EXERCISE AIM:
Starting at the line with "E \<pi> e \<in>", repeat every line exactly until the records end, including the last one.

THE DATA:
(* Let $m,n\ge 5$ be integers and let $C_m\Box C_n$ be the torus grid graph. Then its disjunctive domination number satisfies $$\frac{mn}{9}\le \gamma_2^d(C_m\Box C_n)\le 2\left\lceil \frac{m}{4}\right\rceil\cdot\left\lceil \frac{n}{4}\right\rceil.$$
   Context: $C_k$ denotes the cycle on $k$ vertices, and $G\Box H$ is the Cartesian product: vertex set $V(G)\times V(H)$, with $(g,h)\sim(g',h')$ iff either $g=g'$ and $hh'\in E(H)$, or $h=h'$ and $gg'\in E(G)$. For a simple graph $\Gamma$ and a vertex $v$, let $\Gamma(v)$ be the set of vertices at distance $1$ from $v$ and $\Gamma_2(v)$ the set of vertices at distance exactly $2$ from $v$. A set $S\subseteq V(\Gamma)$ is a disjunctive dominating set if every vertex $v\notin S$ satisfies $|\Gamma(v)\cap S|\ge 1$ or $|\Gamma_2(v)\cap S|\ge 2$. The disjunctive domination number $\gamma_2^d(\Gamma)$ is the minimum cardinality of a disjunctive dominating set of $\Gamma$. *)

theory Defs
  imports Main Complex_Main
begin

(* A simple graph is given by a vertex set V and a symmetric irreflexive
   adjacency relation E (only used on V). *)

definition nbhd :: "'a set \<Rightarrow> ('a \<Rightarrow> 'a \<Rightarrow> bool) \<Rightarrow> 'a \<Rightarrow> 'a set" where
  "nbhd V E v = {u \<in> V. E v u}"

definition nbhd2 :: "'a set \<Rightarrow> ('a \<Rightarrow> 'a \<Rightarrow> bool) \<Rightarrow> 'a \<Rightarrow> 'a set" where
  "nbhd2 V E v = {u \<in> V. u \<noteq> v \<and> \<not> E v u \<and> (\<exists>w\<in>V. E v w \<and> E w u)}"

definition disj_dom_set :: "'a set \<Rightarrow> ('a \<Rightarrow> 'a \<Rightarrow> bool) \<Rightarrow> 'a set \<Rightarrow> bool" where
  "disj_dom_set V E S \<longleftrightarrow> S \<subseteq> V \<and>
     (\<forall>v \<in> V - S. card (nbhd V E v \<inter> S) \<ge> 1 \<or> card (nbhd2 V E v \<inter> S) \<ge> 2)"

definition disj_dom_number :: "'a set \<Rightarrow> ('a \<Rightarrow> 'a \<Rightarrow> bool) \<Rightarrow> nat" where
  "disj_dom_number V E = Min (card ` {S. disj_dom_set V E S})"

definition cyc_adj :: "nat \<Rightarrow> nat \<Rightarrow> nat \<Rightarrow> bool" where
  "cyc_adj k a b \<longleftrightarrow> a \<noteq> b \<and> (b = (a + 1) mod k \<or> a = (b + 1) mod k)"
(* Under the hypotheses of Theorem 5 (graph $G$, integer $k$, $\Gamma\subseteq E$ with $|\Gamma|\ge 2$, $0<\epsilon<1$, positive integer $\ell$, and $s\ge\frac{(\ell+1)\ln|\Gamma|}{2\epsilon^2}$ independent uniformly random permutations used to form the estimates $\Phi'_e$), fix a budget $b\le|\Gamma|$. Let $\Phi_{O1}\ge\Phi_{O2}\ge\dots\ge\Phi_{Ob}$ be the $b$ largest exact Shapley values among edges of $\Gamma$, and let $B$ be the set of $b$ edges with the largest estimates $\Phi'_e$, whose exact Shapley values sorted in non-increasing order are $\Phi_{A1}\ge\Phi_{A2}\ge\dots\ge\Phi_{Ab}$. Then for every $i\in\{1,\dots,b\}$, $$\Pr\big(|\Phi_{Oi}-\Phi_{Ai}|<2\epsilon\cdot N_k\big)\ \ge\ 1-2|\Gamma|^{-\ell},$$ where $N_k$ is the number of vertices of the $k$-core of $G$.
   Context: For a graph $G=(V,E)$ and integer $k\ge0$, the $k$-core $C_k(G)$ is the maximal induced subgraph in which every vertex has degree at least $k$; $N_k=N_k(G)$ is its number of vertices. For $P\subseteq\Gamma$, $\mathscr{V}(P)=N_k(G)-N_k((V,E\setminus P))$. For a permutation $\pi$ of $\Gamma$, $P_e(\pi)$ is the set of edges before $e$ in $\pi$. The Shapley value is $\Phi_e=\frac{1}{|\Gamma|!}\sum_{\pi}\big(\mathscr{V}(P_e(\pi)\cup\{e\})-\mathscr{V}(P_e(\pi))\big)$ over all permutations $\pi$ of $\Gamma$, and the estimate from sampled permutations $\pi_1,\dots,\pi_s$ is $\Phi'_e=\frac1s\sum_{i=1}^s\big(\mathscr{V}(P_e(\pi_i)\cup\{e\})-\mathscr{V}(P_e(\pi_i))\big)$. *)

theory Defs
  imports "HOL-Probability.Probability" "HOL-Combinatorics.Multiset_Permutations"
begin

definition simple_graph :: "'a set \<Rightarrow> 'a set set \<Rightarrow> bool" where
  "simple_graph V E \<longleftrightarrow> finite V \<and> (\<forall>e\<in>E. e \<subseteq> V \<and> card e = 2)"

definition induced_degree :: "'a set set \<Rightarrow> 'a set \<Rightarrow> 'a \<Rightarrow> nat" where
  "induced_degree E S v = card {u \<in> S. {u, v} \<in> E}"

text \<open>Vertex set of the k-core: the maximal vertex set S \<subseteq> V whose induced
  subgraph has minimum degree at least k (= union of all such sets).\<close>
definition kcore :: "nat \<Rightarrow> 'a set \<Rightarrow> 'a set set \<Rightarrow> 'a set" where
  "kcore k V E = \<Union>{S. S \<subseteq> V \<and> (\<forall>v\<in>S. k \<le> induced_degree E S v)}"

definition Nk :: "nat \<Rightarrow> 'a set \<Rightarrow> 'a set set \<Rightarrow> nat" where
  "Nk k V E = card (kcore k V E)"

definition coal_val :: "nat \<Rightarrow> 'a set \<Rightarrow> 'a set set \<Rightarrow> 'a set set \<Rightarrow> real" where
  "coal_val k V E P = real (Nk k V E) - real (Nk k V (E - P))"

text \<open>Edges before e in the permutation \<pi> (a list enumerating \<Gamma>).\<close>
definition pred_set :: "'e list \<Rightarrow> 'e \<Rightarrow> 'e set" where
  "pred_set \<pi> e = set (takeWhile (\<lambda>x. x \<noteq> e) \<pi>)"

definition marg :: "nat \<Rightarrow> 'a set \<Rightarrow> 'a set set \<Rightarrow> 'a set list \<Rightarrow> 'a set \<Rightarrow> real" where
  "marg k V E \<pi> e = coal_val k V E (pred_set \<pi> e \<union> {e}) - coal_val k V E (pred_set \<pi> e)"

definition shapley :: "nat \<Rightarrow> 'a set \<Rightarrow> 'a set set \<Rightarrow> 'a set set \<Rightarrow> 'a set \<Rightarrow> real" where
  "shapley k V E \<Gamma> e = (\<Sum>\<pi>\<in>permutations_of_set \<Gamma>. marg k V E \<pi> e) / fact (card \<Gamma>)"

definition shapley_est :: "nat \<Rightarrow> 'a set \<Rightarrow> 'a set set \<Rightarrow> nat \<Rightarrow> (nat \<Rightarrow> 'a set list) \<Rightarrow> 'a set \<Rightarrow> real" where
  "shapley_est k V E s \<omega> e = (\<Sum>i<s. marg k V E (\<omega> i) e) / real s"

definition perm_samples :: "'e set \<Rightarrow> nat \<Rightarrow> (nat \<Rightarrow> 'e list) pmf" where
  "perm_samples \<Gamma> s = Pi_pmf {..<s} [] (\<lambda>_. pmf_of_set (permutations_of_set \<Gamma>))"

definition is_top :: "nat \<Rightarrow> ('e \<Rightarrow> real) \<Rightarrow> 'e set \<Rightarrow> 'e set \<Rightarrow> bool" where
  "is_top b f \<Gamma> B \<longleftrightarrow> B \<subseteq> \<Gamma> \<and> card B = b \<and> (\<forall>x\<in>B. \<forall>y\<in>\<Gamma> - B. f y \<le> f x)"

text \<open>i-th largest (1-based, with multiplicity) value of f on the finite set A.\<close>
definition nth_largest :: "('e \<Rightarrow> real) \<Rightarrow> 'e set \<Rightarrow> nat \<Rightarrow> real" where
  "nth_largest f A i = rev (sorted_list_of_multiset (image_mset f (mset_set A))) ! (i - 1)"

end

theory Submission
  imports Defs
begin

text \<open>Removing edges can only shrink the k-core, so every marginal contribution
  \<open>\<V>(P \<union> {e}) - \<V>(P)\<close> lies in \<open>[0, N\<^sub>k]\<close>. Hence each estimate \<open>\<Phi>'\<^sub>e\<close> is the mean of
  \<open>s\<close> i.i.d. samples in \<open>[0, N\<^sub>k]\<close> with mean \<open>\<Phi>\<^sub>e\<close>, and Hoeffding's inequality with a
  union bound over \<open>\<Gamma>\<close> makes all estimates \<open>\<epsilon> N\<^sub>k\<close>-accurate with probability at least
  \<open>1 - 2|\<Gamma>|\<^sup>-\<^sup>l\<close>. On that event the claim is deterministic: ranking by values that are
  each within \<open>\<delta>\<close> of the true ones moves the \<open>i\<close>-th largest true value of the selected
  set by less than \<open>2\<delta>\<close>.\<close>

lemma kcore_subset: "kcore k V E \<subseteq> V"
  unfolding kcore_def by auto

lemma kcore_mono:
  assumes "finite V" "E' \<subseteq> E"
  shows "kcore k V E' \<subseteq> kcore k V E"
proof
  fix x assume "x \<in> kcore k V E'"
  then obtain S where S: "S \<subseteq> V" "\<forall>v\<in>S. k \<le> induced_degree E' S v" "x \<in> S"
    unfolding kcore_def by auto
  have "finite S"
    using S(1) assms(1) by (rule finite_subset)
  then have "induced_degree E' S v \<le> induced_degree E S v" for v
    unfolding induced_degree_def using assms(2) by (intro card_mono) auto
  with S(2) have "\<forall>v\<in>S. k \<le> induced_degree E S v"
    using le_trans by blast
  with S(1,3) show "x \<in> kcore k V E"
    unfolding kcore_def by auto
qed

lemma Nk_mono:
  assumes "finite V" "E' \<subseteq> E"
  shows "Nk k V E' \<le> Nk k V E"
  unfolding Nk_def
  by (rule card_mono[OF finite_subset[OF kcore_subset assms(1)] kcore_mono[OF assms]])

lemma marg_bounds:
  assumes "finite V"
  shows "marg k V E \<pi> e \<in> {0..real (Nk k V E)}"
proof -
  let ?P = "pred_set \<pi> e"
  have "Nk k V (E - (?P \<union> {e})) \<le> Nk k V (E - ?P)" "Nk k V (E - ?P) \<le> Nk k V E"
    by (auto intro: Nk_mono[OF assms])
  then show ?thesis
    unfolding marg_def coal_val_def by simp
qed

lemma expectation_pmf_of_permutations:
  fixes h :: "'e list \<Rightarrow> real"
  assumes "finite A"
  shows "measure_pmf.expectation (pmf_of_set (permutations_of_set A)) h
           = (\<Sum>\<pi>\<in>permutations_of_set A. h \<pi>) / fact (card A)"
  using assms by (subst integral_pmf_of_set) auto

lemma perm_samples_component:
  assumes "j < s"
  shows "map_pmf (\<lambda>\<omega>. \<omega> j) (perm_samples A s) = pmf_of_set (permutations_of_set A)"
  unfolding perm_samples_def using assms by (subst Pi_pmf_component) auto

lemma distr_perm_samples_component:
  assumes "j < s"
  shows "distr (measure_pmf (perm_samples A s)) borel (\<lambda>\<omega>. h (\<omega> j))
           = distr (measure_pmf (pmf_of_set (permutations_of_set A))) borel h"
proof -
  have "distr (measure_pmf (perm_samples A s)) borel (\<lambda>\<omega>. h (\<omega> j))
          = distr (measure_pmf (map_pmf (\<lambda>\<omega>. \<omega> j) (perm_samples A s))) borel h"
    unfolding map_pmf_rep_eq by (subst distr_distr) (auto simp: o_def)
  then show ?thesis
    by (simp only: perm_samples_component[OF assms])
qed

EXPECTED ANSWER:
  shows "marg k V E \<pi> e \<in> {0..real (Nk k V E)}"
proof -
  let ?P = "pred_set \<pi> e"
  have "Nk k V (E - (?P \<union> {e})) \<le> Nk k V (E - ?P)" "Nk k V (E - ?P) \<le> Nk k V E"
    by (auto intro: Nk_mono[OF assms])
  then show ?thesis
    unfolding marg_def coal_val_def by simp
qed

lemma expectation_pmf_of_permutations:
  fixes h :: "'e list \<Rightarrow> real"
  assumes "finite A"
  shows "measure_pmf.expectation (pmf_of_set (permutations_of_set A)) h
           = (\<Sum>\<pi>\<in>permutations_of_set A. h \<pi>) / fact (card A)"
  using assms by (subst integral_pmf_of_set) auto

lemma perm_samples_component:
  assumes "j < s"
  shows "map_pmf (\<lambda>\<omega>. \<omega> j) (perm_samples A s) = pmf_of_set (permutations_of_set A)"
  unfolding perm_samples_def using assms by (subst Pi_pmf_component) auto

lemma distr_perm_samples_component:
  assumes "j < s"
  shows "distr (measure_pmf (perm_samples A s)) borel (\<lambda>\<omega>. h (\<omega> j))
           = distr (measure_pmf (pmf_of_set (permutations_of_set A))) borel h"
proof -
  have "distr (measure_pmf (perm_samples A s)) borel (\<lambda>\<omega>. h (\<omega> j))
          = distr (measure_pmf (map_pmf (\<lambda>\<omega>. \<omega> j) (perm_samples A s))) borel h"
    unfolding map_pmf_rep_eq by (subst distr_distr) (auto simp: o_def)
  then show ?thesis
    by (simp only: perm_samples_component[OF assms])
qed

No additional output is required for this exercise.